One Layer of a Convolutional Neural Networks

As mentioned in the last post, when we do the convolution operations, notice that the size of the input is \(n\times n\times c\) and the size of the filter is \(f\times f\times c\) where the channels of the input and the filter should be same. If there is only one filter, then the size of the generated output should be \((n-f+1)\times (n-f+1) \times 1\) (without padding and stride) while if there are \(n_f\) filters, then the size of the output will be \((n-f+1)\times (n-f+1) \times n_f\).

Convolutions Over Volume

To figure out how it works in one specific layer of the convolutional neural network, we need to have a good command of how convolutions over volume works.
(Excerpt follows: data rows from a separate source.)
(* Let $|\psi\rangle,|\phi\rangle\in\mathcal{H}'$ be pure states, with $p_b=|\langle b|\psi\rangle|^2$ and $q_b=|\langle b|\phi\rangle|^2$ for $b\in\{0,1\}$. There exists a deterministic (trace-preserving) Z$_2$-invariant operation $\mathcal{E}$ with $\mathcal{E}(|\psi\rangle\langle\psi|)=|\phi\rangle\langle\phi|$ if and only if $\mathcal{C}(|\psi\rangle)\ge\mathcal{C}(|\phi\rangle)$, where $\mathcal{C}(|\psi\rangle)=2\min\{p_0,p_1\}$ and $\mathcal{C}(|\phi\rangle)=2\min\{q_0,q_1\}$.
   Context: $\mathcal{H}'$ is a two-dimensional Hilbert space with orthonormal basis $|0\rangle,|1\rangle$; the parity operator is $\pi=|0\rangle\langle0|-|1\rangle\langle1|$, and Z$_2$ acts by $\{I,\pi\}$. A Z$_2$-invariant operation is a completely positive, trace-nonincreasing linear map $\mathcal{E}$ on operators on $\mathcal{H}'$ with $\mathcal{E}(\pi X\pi)=\pi\mathcal{E}(X)\pi$ for all $X$; it is deterministic if trace-preserving. *)

theory Defs
  imports Complex_Main
begin

text \<open>The qubit H' = C^2 with orthonormal basis |0>, |1>; we index the basis by bool,
  False standing for |0> and True for |1>. Operators on H' are 2x2 complex matrices
  X :: bool => bool => complex (X i j = <i|X|j>).\<close>

type_synonym qop = "bool \<Rightarrow> bool \<Rightarrow> complex"
type_synonym qket = "bool \<Rightarrow> complex"

definition qtrace :: "qop \<Rightarrow> complex" where
  "qtrace X = X False False + X True True"

text \<open>Positive semidefinite operator on H' tensor C^k: block matrix indexed by (b,m), m < k.\<close>
definition psd_ext :: "nat \<Rightarrow> (bool \<Rightarrow> nat \<Rightarrow> bool \<Rightarrow> nat \<Rightarrow> complex) \<Rightarrow> bool" where
  "psd_ext k Z \<longleftrightarrow> (\<forall>v :: bool \<Rightarrow> nat \<Rightarrow> complex.
     (let q = (\<Sum>b\<in>UNIV. \<Sum>m<k. \<Sum>b'\<in>UNIV. \<Sum>m'<k. cnj (v b m) * Z b m b' m' * v b' m')
      in Im q = 0 \<and> Re q \<ge> 0))"

definition psd :: "qop \<Rightarrow> bool" where
  "psd X \<longleftrightarrow> (\<forall>v :: qket.
     (let q = (\<Sum>b\<in>UNIV. \<Sum>b'\<in>UNIV. cnj (v b) * X b b' * v b')
      in Im q = 0 \<and> Re q \<ge> 0))"

definition linear_qmap :: "(qop \<Rightarrow> qop) \<Rightarrow> bool" where
  "linear_qmap E \<longleftrightarrow> (\<forall>a X Y. E (\<lambda>i j. a * X i j + Y i j) = (\<lambda>i j. a * E X i j + E Y i j))"

text \<open>(E tensor id_k) applied to an operator on H' tensor C^k.\<close>
definition ext_map :: "(qop \<Rightarrow> qop) \<Rightarrow> (bool \<Rightarrow> nat \<Rightarrow> bool \<Rightarrow> nat \<Rightarrow> complex)
    \<Rightarrow> (bool \<Rightarrow> nat \<Rightarrow> bool \<Rightarrow> nat \<Rightarrow> complex)" where
  "ext_map E Z = (\<lambda>b m b' m'. E (\<lambda>c c'. Z c m c' m') b b')"

definition completely_positive :: "(qop \<Rightarrow> qop) \<Rightarrow> bool" where
  "completely_positive E \<longleftrightarrow> (\<forall>k Z. psd_ext k Z \<longrightarrow> psd_ext k (ext_map E Z))"

definition trace_nonincreasing :: "(qop \<Rightarrow> qop) \<Rightarrow> bool" where
  "trace_nonincreasing E \<longleftrightarrow> (\<forall>X. psd X \<longrightarrow> Re (qtrace (E X)) \<le> Re (qtrace X))"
For instance, if we have a \(6\times6\times3\) input image with 3 color channels (red, green and blue), to convolve with it, we need a filter with the size of \(f\times f\times 3\). Let \(f=3\). It is obvious that there are 27 numbers in the filter (9 numbers in each channel), the convolution operations are quite straightforward: select the specific region over each channel, multiply the corresponding entries and sum them up to achieve the value of each entry in the generated output. The procedures of the convolution over volume are illustrated below:

Notice that each filter could have different types of functions in order to obtain the feature map from the input image. For example, the first filter below is aimed to detect the vertical edges over red channels and the second filter is aimed to detect the vertical edges over all channels.

Multiple Filters

In practice, in one layer of the convolutional neural networks, there might have several types of filters with different purposes of feature extractions, thus we need to figure out how it works for multiple filters in convolutional neural networks. As we mentioned above, a \(n\times n\times c\) input image is convolved with \(n_f\) numbers of \(f\times f\times c\) filters, then the generated output size should be \((n-f+1)\times (n-f+1)\times n_f\). An simple example below is demonstrated:

Typically, a complete layer of the convolutional neural network consists of the convolutions over volume operations and activation functions. To continue the previous example, after finishing the convolution operations over all color channels, we need to add a bias term and then apply a nonlinear activation function afterward, suppose it is a ReLu activation function. To complete, those two generated output has to be stacked together to obtain a \(4\times4\times2\) final output.

Denote the input image as \(a^{[0]}\) or \(x\). Then we could treat two filters as weight matrix \(w^{[1]}\) since the convolution operations here are actually conducting linear operations (simply multiply the entries and sum them up together). Denote \(z^{[1]}=w^{[1]}a^{[0]}+b^{[1]}\) and then output would be \(a^{[1]}=g(z^{[1]})\) where \(g\) is the activation function.

Summary of Notations

Continuing the example above, the summary of notation in one layer of the convolutional neural networks will be addressed below.

Denote:

\(f^{[l]}=\) filter size

\(p^{[l]}=\) padding size

\(s^{[l]}=\) stride size

\(n_c^{[l-1]}=c=\) numbers of input channels

\(n_c^{[l]}=n_f=\) numbers of filters \(=\) numbers of the output channels

\(a^{[l-1]}=n_H^{[l-1]}\times n_W^{[l-1]}\times n_c^{[l-1]}=n_H^{[l-1]}\times n_W^{[l-1]}\times c=\) input size

\(f^{[l]}\times f^{[l]} \times n_c^{[l-1]}=f^{[l]}\times f^{[l]} \times c=\) each filter size

\(a^{[l]}=n_H^{[l]}\times n_W^{[l]}\times n_c^{[l]}=n_H^{[l]}\times n_W^{[l]}\times n_f=\) output size

where input size \(n_H^{[l-1]},n_W^{[l-1]},n_c^{[l-1]}\) are known and

\(n_H^{[l]}=\lfloor \dfrac{n_H^{[l-1]}+2p^{[l]}-f^{[l]}}{s^{[l]}}+1\rfloor\), \(n_W^{[l]}=\lfloor \dfrac{n_W^{[l-1]}+2p^{[l]}-f^{[l]}}{s^{[l]}}+1\rfloor\), \(n_c^{[l]}=n_f\).

Furthermore, the single activation size is \(a^{[l]}=n_H^{[l]}\times n_W^{[l]}\times n_c^{[l]}\) and the overall activation size is \(A^{[l]}=n_H^{[l]}\times n_W^{[l]}\times n_c^{[l]}\times m\) where \(m\) is the numbers of the samples. The weight size is \(f^{[l]}\times f^{[l]} \times n_c^{[l-1]}\times n_c^{[l]}\) where \(n_c^{[l]}=n_f\) and bias\(=n_c^{[l]}=n_f=\) numbers of filters.